What it does
Just as the eponymous avian is "notable for their superb ability to mimic natural and artificial sounds from their environment" [Wikipedia], the Lyrebird app was designed to mimic the Tweets from given Twitter accounts). Unfortunately, despite some careful planning and some interesting NLP ideas, the out put is decidedly moderate. On the other hand, Lyrebird comprises a variety of interesting technology making it a challenge to built and providing an expandable basis for further improvement.
How we built it
- Twitter scraper and pre-processor which removes problematic sub-strings such as @-mentions and URLS.
- A popular NLP toolkit for Python, NLTK, was used for tokenising the Tweets and tag the words with their respective Parts of Speech.
- A custom n-gram module is used to generate 1-grams for words from both the target Twitter account(s) and a large corpus of around 73,000 blog posts, and 3-grams for Parts of Speech from the target Twitter account(s).
- A Database basic management system for Amazon's Dynamo DB was programmed in Python.
- Likewise, Amazon AWS was used for data ingestion and processing. This has the potential to become very parallel, speeding up ingestion times.
- A sentence structure is generated first using the 3-grams for Parts of Speech. The idea behind this is to create a readable sentence structure before fitting specific words.
- On top of this general structure, we analyse the necessary part of speech for each word, as well as the 1-gram of the word before, to generate the next word.
- We dynamically choose, based on a probability model, which Twitter account (or blog corpus) from which to choose a word first, and fall back to the others if the first choice fails to deliver. Using this method, we had hoped to create amusing combinations of Twitter accounts, e.g.
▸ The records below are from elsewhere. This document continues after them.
(* None of the following real Lie algebras arises as a contraction of a semisimple Lie algebra: $L_{8,3}$, $L_{8,4}^p$ with $p\neq0$, $L_{8,16}$, $L_{8,17}^p$ with $p\neq-1$, $L_{8,18}^p$ with $p\neq0$. Here, on a basis $X_1,\dots,X_8$ with $[X_i,X_j]=\sum_kC_{ij}^kX_k$ and listing only nonzero $C_{ij}^k$ with $i<j$: (A) denotes $C_{23}^1=1,C_{12}^3=1,C_{13}^2=-1,C_{14}^7=\tfrac12,C_{15}^6=\tfrac12,C_{16}^5=-\tfrac12,C_{17}^4=-\tfrac12,C_{24}^5=\tfrac12,C_{25}^4=-\tfrac12,C_{26}^7=\tfrac12,C_{27}^6=-\tfrac12,C_{34}^6=\tfrac12,C_{35}^7=-\tfrac12,C_{36}^4=-\tfrac12,C_{37}^5=\tfrac12$; (B) denotes $C_{12}^2=2,C_{13}^3=-2,C_{23}^1=1,C_{14}^4=1,C_{15}^5=-1,C_{25}^4=1,C_{34}^5=1,C_{16}^6=1,C_{17}^7=-1,C_{27}^6=1,C_{36}^7=1$; and $L_{8,3}$: (A) and $C_{48}^4=C_{58}^5=C_{68}^6=C_{78}^7=1$; $L_{8,4}^p$ ($p\in\mathbb{R}$): (A) and $C_{48}^4=C_{58}^5=C_{68}^6=C_{78}^7=p$, $C_{48}^6=-1,C_{58}^7=-1,C_{68}^4=1,C_{78}^5=1$; $L_{8,16}$: (B) and $C_{48}^4=1,C_{58}^5=1,C_{68}^4=1,C_{68}^6=1,C_{78}^5=1,C_{78}^7=1$; $L_{8,17}^p$ ($p\in\mathbb{R}$): (B) and $C_{48}^4=1,C_{58}^5=1,C_{68}^6=p,C_{78}^7=p$; $L_{8,18}^p$ ($p\in\mathbb{R}$): (B) and $C_{48}^4=p,C_{48}^6=-1,C_{58}^5=p,C_{58}^7=-1,C_{68}^4=1,C_{68}^6=p,C_{78}^5=1,C_{78}^7=p$.
   Context: All Lie algebras are over $\mathbb{R}$. Unlisted brackets $[X_i,X_j]$, $i<j$, are zero; the others follow by antisymmetry. Contraction: for a Lie algebra $(V,[\cdot,\cdot])$ and nonsingular linear maps $\Phi_t$, $t\in[1,\infty)$, if $[X,Y]_\infty=\lim_{t\to\infty}\Phi_t^{-1}[\Phi_tX,\Phi_tY]$ exists for all $X,Y$, any Lie algebra isomorphic to $(V,[\cdot,\cdot]_\infty)$ is a contraction of $(V,[\cdot,\cdot])$. *)

theory Defs
  imports "HOL-Analysis.Analysis"
begin

definition lie_algebra :: "('a::real_vector \<Rightarrow> 'a \<Rightarrow> 'a) \<Rightarrow> bool" where
  "lie_algebra B \<longleftrightarrow> bilinear B \<and> (\<forall>x. B x x = 0) \<and>
     (\<forall>x y z. B x (B y z) + B y (B z x) + B z (B x y) = 0)"

definition lie_ideal :: "('a::real_vector \<Rightarrow> 'a \<Rightarrow> 'a) \<Rightarrow> 'a set \<Rightarrow> bool" where
  "lie_ideal B I \<longleftrightarrow> subspace I \<and> (\<forall>x y. y \<in> I \<longrightarrow> B x y \<in> I)"

fun derived_series :: "('a::real_vector \<Rightarrow> 'a \<Rightarrow> 'a) \<Rightarrow> 'a set \<Rightarrow> nat \<Rightarrow> 'a set" where
  "derived_series B I 0 = I"
| "derived_series B I (Suc k) =
     span {B x y | x y. x \<in> derived_series B I k \<and> y \<in> derived_series B I k}"

definition solvable_ideal :: "('a::real_vector \<Rightarrow> 'a \<Rightarrow> 'a) \<Rightarrow> 'a set \<Rightarrow> bool" where
  "solvable_ideal B I \<longleftrightarrow> lie_ideal B I \<and> (\<exists>k. derived_series B I k = {0})"

definition semisimple :: "('a::real_vector \<Rightarrow> 'a \<Rightarrow> 'a) \<Rightarrow> bool" where
  "semisimple B \<longleftrightarrow> lie_algebra B \<and> (\<exists>x::'a. x \<noteq> 0) \<and>
     (\<forall>I. solvable_ideal B I \<longrightarrow> I = {0})"

definition contraction_limit ::
  "('a::euclidean_space \<Rightarrow> 'a \<Rightarrow> 'a) \<Rightarrow> ('a \<Rightarrow> 'a \<Rightarrow> 'a) \<Rightarrow> bool" where
  "contraction_limit B0 B1 \<longleftrightarrow>
     (\<exists>\<Phi> :: real \<Rightarrow> 'a \<Rightarrow> 'a.
        (\<forall>t\<ge>1. linear (\<Phi> t) \<and> bij (\<Phi> t)) \<and>
        (\<forall>X Y. ((\<lambda>t. inv (\<Phi> t) (B0 (\<Phi> t X) (\<Phi> t Y))) \<longlongrightarrow> B1 X Y) at_top))"

definition is_contraction_of ::
  "('b::real_vector \<Rightarrow> 'b \<Rightarrow> 'b) \<Rightarrow> ('a::euclidean_space \<Rightarrow> 'a \<Rightarrow> 'a) \<Rightarrow> bool" where
  "is_contraction_of L B0 \<longleftrightarrow>
     (\<exists>B1 (f :: 'a \<Rightarrow> 'b). contraction_limit B0 B1 \<and> linear f \<and> bij f \<and>
        (\<forall>X Y. f (B1 X Y) = L (f X) (f Y)))"

definition idx8 :: "nat \<Rightarrow> 8" where "idx8 i = of_nat (i - 1)"

text \<open>Structure constants given as list of ((i,j,k), C_ij^k) with i<j.\<close>
definition sc :: "((nat \<times> nat \<times> nat) \<times> real) list \<Rightarrow> nat \<Rightarrow> nat \<Rightarrow> nat \<Rightarrow> real" where
  "sc l i j k = sum_list (map snd (filter (\<lambda>e. fst e = (i, j, k)) l))"

definition sc_full :: "((nat \<times> nat \<times> nat) \<times> real) list \<Rightarrow> nat \<Rightarrow> nat \<Rightarrow> nat \<Rightarrow> real" where
  "sc_full l i j k = (if i < j then sc l i j k else if j < i then - sc l j i k else 0)"

definition sc_bracket :: "((nat \<times> nat \<times> nat) \<times> real) list \<Rightarrow> real^8 \<Rightarrow> real^8 \<Rightarrow> real^8" where
  "sc_bracket l x y = (\<chi> m. \<Sum>i\<in>{1..8}. \<Sum>j\<in>{1..8}. \<Sum>k\<in>{1..8}.
      (if idx8 k = m then x $ idx8 i * y $ idx8 j * sc_full l i j k else 0))"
Trump and Mary Berry; or Beyonce and Stephen Hawking.
- The sleek user interface was lovingly handcrafted over the entire course of the Hackathon, and is probably one of the most striking parts of the project. It is just a pity that the Tweet generation is too slow for the dynamic text entry to have the desired effect.
Challenges I ran into
- AWS and Dynamo DB were both very challenging to understand and implement in the 24 hours we had, having never used them before.
- Despite careful planning, keeping a flexible code structure was tricky, especially as time pressed on and tiredness set in.
Accomplishments that I'm proud of
- Keeping working together effectively as a team despite fatigue and pressure.